> [Exercise]: Search the entries below for the word "split", then copy each line in which it is found.

Data extracted from a collection:
<<<<

definition gen :: "bool \<Rightarrow> 'k::{zero,one} tens" where
  "gen b = (\<lambda>w. if w = [b] then 1 else 0)"

definition tscale :: "'k::times \<Rightarrow> 'k tens \<Rightarrow> 'k tens" where
  "tscale c a = (\<lambda>w. c * a w)"

text \<open>Graded commutator [a,b] = ab - (-1)^(|a||b|) ba, extended bilinearly.\<close>
definition bracket :: "nat \<Rightarrow> 'k::comm_ring_1 tens \<Rightarrow> 'k tens \<Rightarrow> 'k tens" where
  "bracket q a b = (\<lambda>w. \<Sum>i\<le>length w. a (take i w) * b (drop i w)
      - (-1) ^ (wdeg q (take i w) * wdeg q (drop i w)) * b (take i w) * a (drop i w))"

text \<open>The differential: the degree -1 derivation with d x = y, d y = 0 and
d(ab) = (da) b + (-1)^|a| a (db).\<close>
definition tdiff :: "nat \<Rightarrow> 'k::comm_ring_1 tens \<Rightarrow> 'k tens" where
  "tdiff q a = (\<lambda>w. \<Sum>j<length w. if w ! j then 0
      else (-1) ^ (wdeg q (take j w)) * a (w[j := True]))"

text \<open>The free graded Lie algebra L(x, dx): the Lie subalgebra of T(x,y) generated by x, y.\<close>
inductive_set freeLie :: "nat \<Rightarrow> 'k::comm_ring_1 tens set" for q where
  gen: "gen b \<in> freeLie q"
| add: "a \<in> freeLie q \<Longrightarrow> b \<in> freeLie q \<Longrightarrow> a + b \<in> freeLie q"
| smult: "a \<in> freeLie q \<Longrightarrow> tscale c a \<in> freeLie q"
| br: "a \<in> freeLie q \<Longrightarrow> b \<in> freeLie q \<Longrightarrow> bracket q a b \<in> freeLie q"

definition sigmak :: "nat \<Rightarrow> nat \<Rightarrow> nat \<Rightarrow> 'k::field tens \<Rightarrow> 'k tens" where
  "sigmak p q k u = tscale (inverse 2)
     (\<Sum>j\<in>{1..<p ^ k}. tscale (of_nat ((p ^ k choose j) div p))
        (bracket q (((bracket q u) ^^ (j - 1)) (tdiff q u))
                   (((bracket q u) ^^ (p ^ k - 1 - j)) (tdiff q u))))"

definition phi :: "nat \<Rightarrow> real" where
  "phi q = (THE z. z > 0 \<and> z ^ (q + 1) - z - 1 = 0)"

definition is_basis_fam :: "('i \<Rightarrow> 'k::field tens) \<Rightarrow> 'i set \<Rightarrow> 'k tens set \<Rightarrow> bool" where
  "is_basis_fam f S V \<longleftrightarrow> inj_on f S \<and> \<not> module.dependent tscale (f ` S)
      \<and> module.span tscale (f ` S) = V"

end

theory Submission imports Defs begin

text \<open>The bound comes from counting rather than from the Lie structure. The sigma-elements
of degree N are the \<open>\<sigma>\<^sub>k(x\<^sub>\<alpha>)\<close> with \<open>p\<^sup>k deg x\<^sub>\<alpha> = N + 2\<close>, and \<open>p\<^sup>k \<le> N + 2\<close> forces
\<open>k \<le> N\<close>. For fixed k the \<open>x\<^sub>\<alpha>\<close> in question are linearly independent and homogeneous of
degree \<open>m = (N + 2)/p\<^sup>k\<close> in the tensor algebra, so there are at most as many as words of
degree m in x and y; since the word count obeys \<open>W(m) = W(m - q - 1) + W(m - q)\<close>, it is
at most \<open>\<phi>\<^sup>m \<le> \<phi>\<^bsup>(N+2)/p\<^esup>\<close>. Summing over k gives \<open>N \<phi>\<^bsup>(N+2)/p\<^esup>\<close>.\<close>

interpretation tv: vector_space "tscale :: 'k::field \<Rightarrow> 'k tens \<Rightarrow> 'k tens"
  by unfold_locales (auto simp: tscale_def fun_eq_iff algebra_simps)

lemma sum_fun_apply: "(sum f A) w = (\<Sum>a\<in>A. f a w)"
  by (induction A rule: infinite_finite_induct) auto

lemma homog_zero [simp]: "homog q n 0"
  by (simp add: homog_def)

lemma homog_add: "homog q n a \<Longrightarrow> homog q n b \<Longrightarrow> homog q n (a + (b :: 'k::monoid_add tens))"
  unfolding homog_def by (metis add.right_neutral add_0 plus_fun_apply)

lemma homog_tscale: "homog q n a \<Longrightarrow> homog q n (tscale (c::'k::mult_zero) a)"
  unfolding homog_def tscale_def by (metis mult_zero_right)

lemma homog_sum:
  "(\<And>j. j \<in> A \<Longrightarrow> homog q n (f j)) \<Longrightarrow> homog q n (sum f A :: 'k::comm_monoid_add tens)"
  by (induction A rule: infinite_finite_induct) (auto intro: homog_add)

lemma wdeg_append: "wdeg q (u @ v) = wdeg q u + wdeg q v"
  by (simp add: wdeg_def)

lemma homog_bracket:
  assumes "homog q m a" "homog q n b"
  shows "homog q (m + n) (bracket q a b)"
  unfolding homog_def
proof (intro allI impI)
  fix w assume "bracket q a b w \<noteq> 0"
  then obtain i where "a (take i w) * b (drop i w)
      - (-1) ^ (wdeg q (take i w) * wdeg q (drop i w)) * b (take i w) * a (drop i w) \<noteq> 0"
    unfolding bracket_def by (meson sum.neutral)
  then have "(a (take i w) \<noteq> 0 \<and> b (drop i w) \<noteq> 0) \<or> (b (take i w) \<noteq> 0 \<and> a (drop i w) \<noteq> 0)"
    by auto
  moreover have "wdeg q w = wdeg q (take i w) + wdeg q (drop i w)"
    by (metis append_take_drop_id wdeg_append)
  ultimately show "wdeg q w = m + n"
    using assms unfolding homog_def by auto
qed

lemma wdeg_update_True:
  "j < length w \<Longrightarrow> \<not> w ! j \<Longrightarrow> wdeg q (w[j := True]) = wdeg q w + 1"
proof (induction w arbitrary: j)
  case (Cons b w)
  then show ?case by (cases j) (auto simp: wdeg_def ldeg_def)
qed simp

lemma homog_tdiff:
  assumes "homog q n (a :: 'k::comm_ring_1 tens)"
  shows "homog q (n - 1) (tdiff q a)"
  unfolding homog_def
proof (intro allI impI)
  fix w assume "tdiff q a w \<noteq> 0"
  then obtain j where j: "j < length w" "\<not> w ! j" "a (w[j := True]) \<noteq> 0"
    unfolding tdiff_def
    by (auto elim!: sum.not_neutral_contains_not_neutral dest!: mult_not_zero split: if_splits)
  then have "wdeg q (w[j := True]) = n"
    using assms unfolding homog_def by blast
  then show "wdeg q w = n - 1"
    using wdeg_update_True[OF j(1,2)] by simp
qed

lemma homog_bracket_iterate:
  assumes "homog q n u" "homog q m v"
  shows "homog q (j * n + m) ((bracket q u ^^ j) v)"
  by (induction j) (use assms homog_bracket in \<open>auto simp: add.assoc\<close>)

lemma homog_sigmak:
  assumes "homog q n u" "p \<ge> 2"
  shows "homog q (p ^ k * n - 2) (sigmak p q k u)"
  unfolding sigmak_def
proof (intro homog_tscale homog_sum)
  fix j assume j: "j \<in> {1..<p ^ k}"
  have "homog q (((j - 1) * n + (n - 1)) + ((p ^ k - 1 - j) * n + (n - 1)))
     (bracket q ((bracket q u ^^ (j - 1)) (tdiff q u)) ((bracket q u ^^ (p ^ k - 1 - j)) (tdiff q u)))"
    by (intro homog_bracket homog_bracket_iterate homog_tdiff assms)
  moreover have "((j - 1) * n + (n - 1)) + ((p ^ k - 1 - j) * n + (n - 1)) = p ^ k * n - 2"
  proof (cases n)
    case (Suc n')
    obtain j' where j': "j = Suc j'" using j by (cases j) auto
    obtain r where "p ^ k = Suc j' + Suc r"
      using j unfolding j' by (metis atLeastLessThan_iff less_imp_Suc_add add_Suc_right)
    then show ?thesis using Suc j' by (simp add: algebra_simps)
  qed simp
  ultimately show "homog q (p ^ k * n - 2)
     (bracket q ((bracket q u ^^ (j - 1)) (tdiff q u)) ((bracket q u ^^ (p ^ k - 1 - j)) (tdiff q u)))"
    by simp
qed

subsection \<open>The root \<open>\<phi>\<close>\<close>

lemma root_gt_1:
  fixes z :: real
  assumes "z > 0" "z ^ (q + 1) = z + 1"
  shows "z > 1"
proof (rule ccontr)
  assume "\<not> z > 1"
  then have "z ^ q \<le> 1" using assms(1) by (simp add: power_le_one)
  then have "z ^ (q + 1) \<le> z" using assms(1) by (simp add: mult_left_le)
  with assms(2) show False by simp
qed

lemma positive_root_unique:
  fixes x y :: real
  assumes "0 < x" "x ^ (q + 1) = x + 1" "0 < y" "y ^ (q + 1) = y + 1"
  shows "x = y"
proof -
  have no_smaller: False if "0 < a" "a < b" "a ^ (q + 1) = a + 1" "b ^ (q + 1) = b + 1" for a b :: real
  proof -
    have "b * (a + 1) = b * (a * a ^ q)" using that(3) by simp
    also have "\<dots> \<le> b * (a * b ^ q)"
      using that by (intro mult_left_mono power_mono) auto
    also have "\<dots> = a * (b + 1)" using that(4) by (simp add: mult.left_commute)
    finally show False using that by (simp add: algebra_simps)
  qed
  show ?thesis
    using no_smaller[of x y] no_smaller[of y x] assms by (cases x y rule: linorder_cases) blast+
qed

lemma phi_root:
  assumes "q \<ge> 1"
  shows "phi q > 1" "phi q ^ (q + 1) = phi q + 1"
proof -
  have "\<exists>x::real. 1 \<le> x \<and> x \<le> 2 \<and> x ^ (q + 1) - x - 1 = 0"
  proof (rule IVT[where f = "\<lambda>z. z ^ (q + 1) - z - 1"])
    have "(2::real) ^ 2 \<le> 2 ^ (q + 1)" by (rule power_increasing) (use assms in auto)
    then show "0 \<le> (2::real) ^ (q + 1) - 2 - 1" by simp
  qed (auto intro!: continuous_intros)
  then obtain x :: real where "1 \<le> x" "x ^ (q + 1) - x - 1 = 0" by blast
  have "phi q > 0 \<and> phi q ^ (q + 1) - phi q - 1 = 0"
    unfolding phi_def
  proof (rule theI[of _ x])
    fix z :: real assume "z > 0 \<and> z ^ (q + 1) - z - 1 = 0"
    then show "z = x" using \<open>1 \<le> x\<close> \<open>x ^ (q + 1) - x - 1 = 0\<close> positive_root_unique[of z q x] by simp
  qed (use \<open>1 \<le> x\<close> \<open>x ^ (q + 1) - x - 1 = 0\<close> in simp)
  then show root: "phi q ^ (q + 1) = phi q + 1"
    by simp
  show "phi q > 1"
    by (rule root_gt_1[OF _ root]) (use \<open>phi q > 0 \<and> _\<close> in blast)
qed

subsection \<open>Counting words of a given degree\<close>

definition words_of_degree :: "nat \<Rightarrow> nat \<Rightarrow> bool list set" where
  "words_of_degree q m = {w. wdeg q w = m}"

lemma length_le_wdeg: "q \<ge> 1 \<Longrightarrow> length w \<le> wdeg q w"
  by (induction w) (auto simp: wdeg_def ldeg_def)

lemma finite_words_of_degree:
  assumes "q \<ge> 1"
  shows "finite (words_of_degree q m)"
proof (rule finite_subset)
  show "words_of_degree q m \<subseteq> {w. set w \<subseteq> UNIV \<and> length w \<le> m}"
    using length_le_wdeg[OF assms] by (auto simp: words_of_degree_def)
qed (rule finite_lists_length_le, simp)

lemma words_of_degree_Cons:
  "m \<noteq> 0 \<Longrightarrow> words_of_degree q m
     \<subseteq> Cons True ` {w. wdeg q w + (q + 1) = m} \<union> Cons False ` {w. wdeg q w + q = m}"
proof
  fix w assume "m \<noteq> 0" "w \<in> words_of_degree q m"
  then show "w \<in> Cons True ` {w. wdeg q w + (q + 1) = m} \<union> Cons False ` {w. wdeg q w + q = m}"
    by (cases w) (auto simp: words_of_degree_def wdeg_def ldeg_def split: if_splits)
qed

text \<open>The induction step uses \<open>\<phi>\<^bsup>r\<^esup> + \<phi>\<^bsup>r+1\<^esup> = \<phi>\<^bsup>r+q+1\<^esup>\<close>.\<close>
lemma card_words_of_degree_le:
  assumes q: "q \<ge> 1"
  shows "real (card (words_of_degree q m)) \<le> phi q ^ m"
proof (induction m rule: less_induct)
  case (less m)
  define T where "T d = {w. wdeg q w + d = m}" for d
  have T_eq: "T d = (if d \<le> m then words_of_degree q (m - d) else {})" for d
    by (auto simp: T_def words_of_degree_def)
  have T_fin: "finite (T d)" for d
    unfolding T_eq using finite_words_of_degree[OF q] by simp
  have T_card: "real (card (T d)) \<le> (if d \<le> m then phi q ^ (m - d) else 0)" if "d \<ge> 1" for d
  proof (cases "d \<le> m")
    case True
    then have "m - d < m" using that by linarith
    then show ?thesis using True less unfolding T_eq by simp
  qed (simp add: T_eq)
  show ?case
  proof (cases "m = 0")
    case True
    have "words_of_degree q 0 \<subseteq> {[]}"
      using length_le_wdeg[OF q] by (auto simp: words_of_degree_def) (metis le_zero_eq length_0_conv)
    then have "card (words_of_degree q 0) \<le> card {[] :: bool list}"
      by (intro card_mono) auto
    then show ?thesis using True by simp
  next
    case False
    have "words_of_degree q m \<subseteq> Cons True ` T (q + 1) \<union> Cons False ` T q"
      using words_of_degree_Cons[OF False] unfolding T_def .
    then have "card (words_of_degree q m) \<le> card (Cons True ` T (q + 1) \<union> Cons False ` T q)"
      using T_fin by (intro card_mono) auto
    also have "\<dots> \<le> card (T (q + 1)) + card (T q)"
      by (rule order_trans[OF card_Un_le add_mono[OF card_image_le[OF T_fin] card_image_le[OF T_fin]]])
    finally have "real (card (words_of_degree q m)) \<le> real (card (T (q + 1))) + real (card (T q))"
      by (simp only: of_nat_add[symmetric] of_nat_le_iff)
    also have "\<dots> \<le> (if q + 1 \<le> m then phi q ^ (m - (q + 1)) else 0) + (if q \<le> m then phi q ^ (m - q) else 0)"
      using T_card[of "q + 1"] T_card[of q] q by (intro add_mono) auto
    also have "\<dots> \<le> phi q ^ m"
    proof (cases "q + 1 \<le> m")
      case True
      then obtain r where r: "m = r + (q + 1)" by (metis add.commute le_add_diff_inverse)
      have "phi q ^ r + phi q ^ Suc r = phi q ^ r * phi q ^ (q + 1)"
        using phi_root[OF q] by (simp add: algebra_simps)
      then show ?thesis using r by (simp add: power_add)
    next
      case False
      then show ?thesis using phi_root[OF q] by (auto intro!: power_increasing)
    qed
    finally show ?thesis .
  qed
qed

definition word_tens :: "bool list \<Rightarrow> 'k::{zero,one} tens" where
  "word_tens u = (\<lambda>w. if w = u then 1 else 0)"

lemma homog_in_span_words:
  assumes q: "q \<ge> 1" and "homog q m (f :: 'k::field tens)"
  shows "f \<in> tv.span (word_tens ` words_of_degree q m)"
proof -
  have "f = (\<Sum>u\<in>words_of_degree q m. tscale (f u) (word_tens u))"
  proof
    fix w
    have "(\<Sum>u\<in>words_of_degree q m. tscale (f u) (word_tens u)) w
        = (\<Sum>u\<in>words_of_degree q m. if u = w then f u else 0)"
      unfolding sum_fun_apply tscale_def word_tens_def by (intro sum.cong) auto
    also have "\<dots> = (if w \<in> words_of_degree q m then f w else 0)"
      using finite_words_of_degree[OF q] by (simp add: sum.delta')
    also have "\<dots> = f w" using assms(2) unfolding homog_def words_of_degree_def by auto
    finally show "f w = (\<Sum>u\<in>words_of_degree q m. tscale (f u) (word_tens u)) w" by simp
  qed
  then show ?thesis
    by (metis (no_types, lifting) imageI tv.span_base tv.span_scale tv.span_sum)
qed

>>>>

> [Finished exercise]:
    by (auto elim!: sum.not_neutral_contains_not_neutral dest!: mult_not_zero split: if_splits)
    by (cases w) (auto simp: words_of_degree_def wdeg_def ldeg_def split: if_splits)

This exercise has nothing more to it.